La escatología mexica. Los mexicas fueron el último grupo nahua que se asentó en el altiplano mexicano. La historia de su civilización fue corta, pues en tan sólo doscientos años, desde la fundación de su ciudad México-Tenochtitlan en 1325, hasta su destrucción a manos de los españoles invasores, en 1521, lograron dar vida a una estupenda civilización y consiguieron un poderío económico y militar que les permitió convertirse en el grupo hegemónico de la región cultural denominada Mesoamérica. Nutridos de culturas antecesoras como la tolteca y la teotihuacana, los mexicas supieron dar vida a su propia cultura y a su propia concepción escatología. Sin restarle importancia a ninguna de las grandes civilizaciones que conformaron el México prehispánico, hablemos un poco acerca de la muerte en el pensamiento mexica, ya que muchos de sus rasgos han permanecido hasta nuestros días, como parte de la Fiesta de los Muertos.
Creían los mexicas que la vida de todo hombre estaba constituida por tres fluidos vitales: el tonalli, localizado en la cabeza; el teyolía cuyo centro de residencia era el corazón; y el ihíyotl, asentado en el hígado. Gracias a la existencia de estos elementos, la vida podía lograrse. Todos eran imprescindibles y compartían la misma importancia. El tonalli era el fluido que determinaba el vigor y la energía anímica del individuo; una especie de fuerza que condicionaba la conducta de cada hombre y las características de su vida futura. Corría a cargo del tonalpouhqui, o adivino, el descifrar y anunciar el tonalli de cada persona. Cuando un nuevo miembro de la comunidad nacía, y después de que la partera cumplía con sus ritos de rigor, se mandaba traer al adivino. En cuanto llegaba, preguntaba a los familiares el momento exacto del nacimiento del niño. Si el tonalpohualli, calendario ritual, le indicaba que el día del nacimiento correspondía a un signo fausto, el tonalpouhqui pronosticaba una vida llena de buenaventura. Si por el contrario el signo era nefasto e implicaba una poca satisfactoria existencia, el mago ponía en juego toda su ingeniosidad para poder encontrar, dentro de la trecena en que había nacido el neonato, un mejor signo que le ayudase a obtener un destino más dulce.

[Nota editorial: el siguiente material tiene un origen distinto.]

lemma bb_inv_branch:
  assumes g: "is_vc_graph V E" and inv: "bb_inv V E s" and br: "bb_branch V E s N x j s'"
  shows "bb_inv V E s'"
proof -
  have N: "N \<in> opn s" "lp_opt V E N x" "j \<in> frac_vars V x"
    using br unfolding bb_branch_def wb_select_def sb_choice_def by auto
  note j = frac_var_unfixed[OF N(2,3)]
  have opn': "opn s' = (opn s - {N}) \<union> {C \<in> {N(j \<mapsto> False), N(j \<mapsto> True)}.
      lpval V E C < \<infinity> \<and> lpval V E C \<le> incumbent V (fnd s)}" and fnd': "fnd s' = fnd s"
    using br unfolding bb_branch_def by auto
  have "dom (N(j \<mapsto> b)) \<subseteq> V" for b using inv N(1) j(1) unfolding bb_inv_def by auto
  then have dom': "\<forall>M\<in>opn s'. dom M \<subseteq> V" using inv unfolding bb_inv_def opn' by blast
  have "opt_found V E s' \<or> (\<exists>M\<in>opn s'. contains_opt V E M)"
  proof (cases "opt_found V E s")
    case False
    then obtain M where M: "M \<in> opn s" "contains_opt V E M" using inv unfolding bb_inv_def by blast
    show ?thesis
    proof (cases "M = N")
      case True
      obtain b where C: "contains_opt V E (N(j \<mapsto> b))" using contains_opt_child M(2) True j by metis
      have "lpval V E (N(j \<mapsto> b)) < \<infinity>" "lpval V E (N(j \<mapsto> b)) \<le> incumbent V (fnd s)"
        using lpval_le_OPT_if_contains_opt[OF C] OPT_finite[OF g] OPT_le_incumbent inv
        unfolding bb_inv_def by (auto intro: order.trans)
      then have "N(j \<mapsto> b) \<in> opn s'" unfolding opn' by (cases b) auto
      then show ?thesis using C by blast
    qed (use M opn' in auto)
  qed (simp add: opt_found_def fnd')
  then show ?thesis using inv dom' fnd' unfolding bb_inv_def by simp
qed

lemma bb_inv_integral:
  assumes inv: "bb_inv V E s" and bi: "bb_integral V E s N x s'"
  shows "bb_inv V E s'"
proof -
  have x: "lp_opt V E N x" "ip_feas V E x"
    using bi ip_feas_of_lp_feas unfolding bb_integral_def lp_opt_def by auto
  have opn': "opn s' = {M \<in> opn s - {N}. lpval V E M \<le> incumbent V (insert x (fnd s))}"
    and fnd': "fnd s' = insert x (fnd s)"
    using bi unfolding bb_integral_def by auto
  have fip': "\<forall>y\<in>fnd s'. ip_feas V E y" using inv x(2) unfolding bb_inv_def fnd' by auto
  have "opt_found V E s' \<or> (\<exists>M\<in>opn s'. contains_opt V E M)"
  proof (cases "opt_found V E s")
    case False
    then obtain M where M: "M \<in> opn s" "contains_opt V E M" using inv unfolding bb_inv_def by blast
    note M_le = lpval_le_OPT_if_contains_opt[OF M(2)]
    show ?thesis
    proof (cases "M = N")
      case True
      then have "ereal (obj V x) = OPT V E"
        using M_le lp_opt_lpval[OF x(1)] OPT_le_obj[OF x(2)] by simp
      then show ?thesis using x(2) unfolding opt_found_def fnd' by blast
    next
      case False
      have "lpval V E M \<le> incumbent V (insert x (fnd s))"
        using M_le OPT_le_incumbent[OF fip'[unfolded fnd']] by simp
      then show ?thesis using M False unfolding opn' by blast
    qed
  qed (auto simp: opt_found_def fnd')
  then show ?thesis using inv fip' unfolding bb_inv_def opn' by auto
qed

lemma bb_inv_prune:
  assumes g: "is_vc_graph V E" and inv: "bb_inv V E s" and bp: "bb_prune V E s N s'"
  shows "bb_inv V E s'"
proof -
  have pruned: "lpval V E N = \<infinity> \<or> incumbent V (fnd s) < lpval V E N"
    and s': "s' = \<lparr>opn = opn s - {N}, fnd = fnd s\<rparr>"
    using bp unfolding bb_prune_def by auto
  have "\<not> contains_opt V E N"
    using lpval_le_OPT_if_contains_opt OPT_finite[OF g] OPT_le_incumbent pruned inv
    unfolding bb_inv_def by (metis leD order.trans)
  then show ?thesis using inv unfolding bb_inv_def opt_found_def s' by auto
qed

lemma bb_reach_inv:
  assumes g: "is_vc_graph V E"
  shows "bb_reach V E s \<Longrightarrow> bb_inv V E s"
proof (induction rule: bb_reach.induct)
  case 1
  show ?case by (rule bb_inv_init[OF g])
next
  case (2 s b s')
  from 2(2) show ?case
    by cases (use bb_inv_branch bb_inv_integral bb_inv_prune g 2(3) in blast)+
qed

lemma opt_found_run: "bb_run V E s k t \<Longrightarrow> opt_found V E s \<Longrightarrow> opt_found V E t"
proof (induction rule: bb_run.induct)
  case (2 s b s1 k t)
  then have "fnd s \<subseteq> fnd s1"
    by (cases rule: bb_step.cases) (auto simp: bb_branch_def bb_integral_def bb_prune_def)
  then show ?case using 2 unfolding opt_found_def by blast
qed

section \<open>Counting branchings\<close>

definition bad_opt_node :: "nat set \<Rightarrow> nat set set \<Rightarrow> fixing \<Rightarrow> nat \<Rightarrow> bool" where
  "bad_opt_node V E M d \<longleftrightarrow> lpval V E M = OPT V E \<and> depth M = d \<and> \<not> has_int_opt V E M"

text \<open>Worst-bound selection with deepest tie-breaking only processes open nodes of LP value
  \<open>OPT\<close> at depth \<open>d\<close>, the depth of the deepest such node with an integral optimum; at most one
  node at that depth lacks an integral optimum, and if \<open>m = 0\<close> none does. Each branching
  decreases the potential \<open>2 (n - d) + m\<close>.\<close>
definition opt_frontier :: "nat set \<Rightarrow> nat set set \<Rightarrow> bb_state \<Rightarrow> nat \<Rightarrow> nat \<Rightarrow> bool" where
  "opt_frontier V E t d m \<longleftrightarrow>
    (\<forall>M\<in>opn t. OPT V E \<le> lpval V E M \<and> dom M \<subseteq> V) \<and>
    (\<forall>M\<in>opn t. lpval V E M = OPT V E \<longrightarrow> depth M \<le> d) \<and>
    (\<exists>G\<in>opn t. has_int_opt V E G \<and> lpval V E G = OPT V E \<and> depth G = d) \<and> m \<le> 1 \<and>
    (\<forall>M1\<in>opn t. \<forall>M2\<in>opn t. bad_opt_node V E M1 d \<and> bad_opt_node V E M2 d \<longrightarrow> M1 = M2) \<and>
    (m = 0 \<longrightarrow> (\<forall>M\<in>opn t. \<not> bad_opt_node V E M d))"

lemma depth_upd: "finite (dom M) \<Longrightarrow> M j = None \<Longrightarrow> depth (M(j \<mapsto> b)) = Suc (depth M)"
  unfolding depth_def by (simp add: card_insert_disjoint domIff)

lemma bb_branch_opn_iff:
  "bb_branch V E t N x j t' \<Longrightarrow> M \<in> opn t' \<longleftrightarrow> (M \<in> opn t \<and> M \<noteq> N) \<or>
     ((M = N(j \<mapsto> False) \<or> M = N(j \<mapsto> True)) \<and> lpval V E M < \<infinity> \<and> lpval V E M \<le> incumbent V (fnd t))"
  unfolding bb_branch_def by auto

lemma opt_frontier_branch_int_opt:
  assumes g: "is_vc_graph V E"
    and open_ge: "\<forall>M\<in>opn t. OPT V E \<le> lpval V E M \<and> dom M \<subseteq> V"
    and open_depth: "\<forall>M\<in>opn t. lpval V E M = OPT V E \<longrightarrow> depth M \<le> d"
    and br: "bb_branch V E t N x j t'" and int_opt: "has_int_opt V E N"
    and N: "lpval V E N = OPT V E" "depth N = d" and inc: "OPT V E \<le> incumbent V (fnd t)"
  shows "opt_frontier V E t' (Suc d) 1" "Suc d \<le> card V"
proof -
  have fin: "finite V" using g unfolding is_vc_graph_def by simp
  have Nin: "N \<in> opn t" using br unfolding bb_branch_def wb_select_def by simp
  have "lp_opt V E N x" "j \<in> frac_vars V x" using br unfolding bb_branch_def sb_choice_def by auto
  note j = frac_var_unfixed[OF this]
  have domN: "dom N \<subseteq> V" using open_ge Nin by blast
  then have depth_child: "depth (N(j \<mapsto> b)) = Suc d" for b
    using depth_upd[OF finite_subset[OF domN fin] j(2)] N(2) by simp
  have dom_child: "dom (N(j \<mapsto> b)) \<subseteq> V" for b using domN j(1) by simp
  have ge_child: "OPT V E \<le> lpval V E (N(j \<mapsto> b))" for b using lpval_le_upd[of N j V E, OF j(2)] N(1) by simp
  obtain z where z: "lp_opt V E N z" "integral_on V z" using int_opt unfolding has_int_opt_def by blast
  define b where "b = (z j = 1)"
  have C: "lp_opt V E (N(j \<mapsto> b)) z" "lpval V E (N(j \<mapsto> b)) = OPT V E"
    using lp_opt_child_of_integral[OF z j] N(1) unfolding b_def by auto
  have C_int: "has_int_opt V E (N(j \<mapsto> b))" using C z(2) unfolding has_int_opt_def by blast
  have "N(j \<mapsto> b) \<in> opn t'"
    using bb_branch_opn_iff[OF br] C(2) OPT_finite[OF g] inc by (cases b) auto
  then have deepest: "\<exists>G\<in>opn t'. has_int_opt V E G \<and> lpval V E G = OPT V E \<and> depth G = Suc d"
    using C(2) C_int depth_child by blast
  have ge': "\<forall>M\<in>opn t'. OPT V E \<le> lpval V E M \<and> dom M \<subseteq> V"
    using open_ge bb_branch_opn_iff[OF br] ge_child dom_child by blast
  have depth': "\<forall>M\<in>opn t'. lpval V E M = OPT V E \<longrightarrow> depth M \<le> Suc d"
    using bb_branch_opn_iff[OF br] open_depth depth_child by (metis le_SucI order_refl)
  have sibling: "M = N(j \<mapsto> \<not> b)" if "M \<in> opn t'" "bad_opt_node V E M (Suc d)" for M
  proof -
    have "M \<noteq> N(j \<mapsto> b)" "depth M = Suc d" "lpval V E M = OPT V E"
      using that(2) C_int unfolding bad_opt_node_def by auto
    then show ?thesis using bb_branch_opn_iff[OF br, of M] that(1) open_depth by (cases b) auto
  qed
  then have "\<forall>M1\<in>opn t'. \<forall>M2\<in>opn t'. bad_opt_node V E M1 (Suc d) \<and> bad_opt_node V E M2 (Suc d) \<longrightarrow> M1 = M2"
    by blast
  then show "opt_frontier V E t' (Suc d) 1" using deepest ge' depth' unfolding opt_frontier_def by simp
  show "Suc d \<le> card V" using card_mono[OF fin dom_child[of b]] depth_child[of b]
    unfolding depth_def by simp
qed

lemma wb_select_in_opt_frontier:
  assumes fr: "opt_frontier V E t d m" and ws: "wb_select V E (opn t) N"
  shows "N \<in> opn t" "lpval V E N = OPT V E" "depth N = d"
proof -
  obtain G where G: "G \<in> opn t" "lpval V E G = OPT V E" "depth G = d"
    using fr unfolding opt_frontier_def by blast
  show N: "N \<in> opn t" using ws unfolding wb_select_def by simp
  have min: "\<forall>M\<in>opn t. lpval V E N \<le> lpval V E M"
    and deepest: "\<forall>M\<in>opn t. lpval V E M = lpval V E N \<longrightarrow> depth M \<le> depth N"
    using ws unfolding wb_select_def by auto
  have "lpval V E N \<le> OPT V E" using min G by metis
  moreover have "OPT V E \<le> lpval V E N" using fr N unfolding opt_frontier_def by blast
  ultimately show v: "lpval V E N = OPT V E" by simp
  have "d \<le> depth N" using deepest G v by metis
  moreover have "depth N \<le> d" using fr N v unfolding opt_frontier_def by blast
  ultimately show "depth N = d" by simp
qed

lemma opt_frontier_branch_no_int_opt:
  assumes g: "is_vc_graph V E" and fr: "opt_frontier V E t d m"
    and br: "bb_branch V E t N x j t'" and no_int: "\<not> has_int_opt V E N"
  shows "m = 1" "opt_frontier V E t' d 0"
proof -
  have fin: "finite V" using g unfolding is_vc_graph_def by simp
  have ws: "wb_select V E (opn t) N" and x: "lp_opt V E N x" and sb: "sb_choice V E N x j"
    using br unfolding bb_branch_def by auto
  note N = wb_select_in_opt_frontier[OF fr ws]
  have bad: "bad_opt_node V E N d" using no_int N unfolding bad_opt_node_def by simp
  then show "m = 1" using fr N(1) unfolding opt_frontier_def by auto
  note j = frac_var_unfixed[OF x conjunct1[OF sb[unfolded sb_choice_def]]]
  have gt: "OPT V E < lpval V E (N(j \<mapsto> b))" for b
    using lpval_children_gt_if_no_int_opt[OF fin x sb no_int] N(2) by metis
  have dom_child: "dom (N(j \<mapsto> b)) \<subseteq> V" for b using fr N(1) j(1) unfolding opt_frontier_def by auto
  have old: "M \<in> opn t \<and> M \<noteq> N" if "M \<in> opn t'" "lpval V E M = OPT V E" for M
    using bb_branch_opn_iff[OF br] gt that by (metis less_irrefl)
  obtain G where G: "G \<in> opn t" "has_int_opt V E G" "lpval V E G = OPT V E" "depth G = d"
    using fr unfolding opt_frontier_def by blast
  have "G \<noteq> N" using G(2) no_int by auto
  then have "G \<in> opn t'" using bb_branch_opn_iff[OF br] G(1) by blast
  moreover have "\<forall>M\<in>opn t'. OPT V E \<le> lpval V E M \<and> dom M \<subseteq> V"
    using fr bb_branch_opn_iff[OF br] gt dom_child unfolding opt_frontier_def by (metis less_imp_le)
  moreover have "\<forall>M\<in>opn t'. lpval V E M = OPT V E \<longrightarrow> depth M \<le> d"
    using fr old unfolding opt_frontier_def by blast
  moreover have "\<forall>M\<in>opn t'. \<not> bad_opt_node V E M d"
  proof (intro ballI notI)
    fix M assume "M \<in> opn t'" "bad_opt_node V E M d"
    then have "M \<in> opn t" "M \<noteq> N" using old unfolding bad_opt_node_def by auto
    then show False using fr N(1) bad \<open>bad_opt_node V E M d\<close> unfolding opt_frontier_def by blast
  qed
  ultimately show "opt_frontier V E t' d 0" using G unfolding opt_frontier_def by auto
qed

El ihíyotl se consideraba como un aliento que otorgaban las deidades Citlalicue y Citlalatónac y los ilhicac chaneque, pequeños seres ligados al agua. Como hemos mencionado, los mexicas pensaban que se asentaba en el hígado, recipiente del vigor, la vida, las pasiones y los sentimientos. Tenía la forma de un fluido luminoso que al emanar del hígado, podía influir en la propia persona –y aun en otras- de manera positiva y negativa. Es decir, se trataba de un gas de energía capaz de curar o de enfermar; de beneficiar o de perjudicar, tanto a los humanos como a los animales y las cosas.
El teyolía era equiparable a lo que los católicos denominan con el nombre de alma. Estaba conceptualizado como el elemento anímico encargado de viajar al mundo de los muertos. El teyolía se adquiría como un don que los dioses entregaban en el momento mismo en que se engendraba a un ser. A diferencia del tonalli, nunca abandonaba el cuerpo de una persona viva, pues si lo hacía equivalía a perder la vida.
Los antiguos nahuas pensaban que cuando una persona moría, se producía la desintegración de los tres elementos vitales del cuerpo. Al separarse estos elementos, la armonía estructural se desarmonizaba y entonces se estaba ante el acto de morir. Una vez acaecida la muerte, el alma o teyolía del difunto tenía la posibilidad de ir a cuatro lugares localizados en el más allá. A ellos se accedía, no tanto por el buen o mal comportamiento que se había llevado en vida, sino por la forma de morir y por el grupo social al que se había pertenecido en vida. Pero para que las almas partieran había que esperar, ya que la separación del teyolía no era inmediata. Por ejemplo, en el caso de los tlatoanis, el alma tardaba cuatro días en abandonar el cuerpo, y, después de la cremación, se mantenía en la tierra otros cuatro días; después, partía inmediatamente a su destino. Al último día se le llamaba nexpixolo o “derramamiento de cenizas”.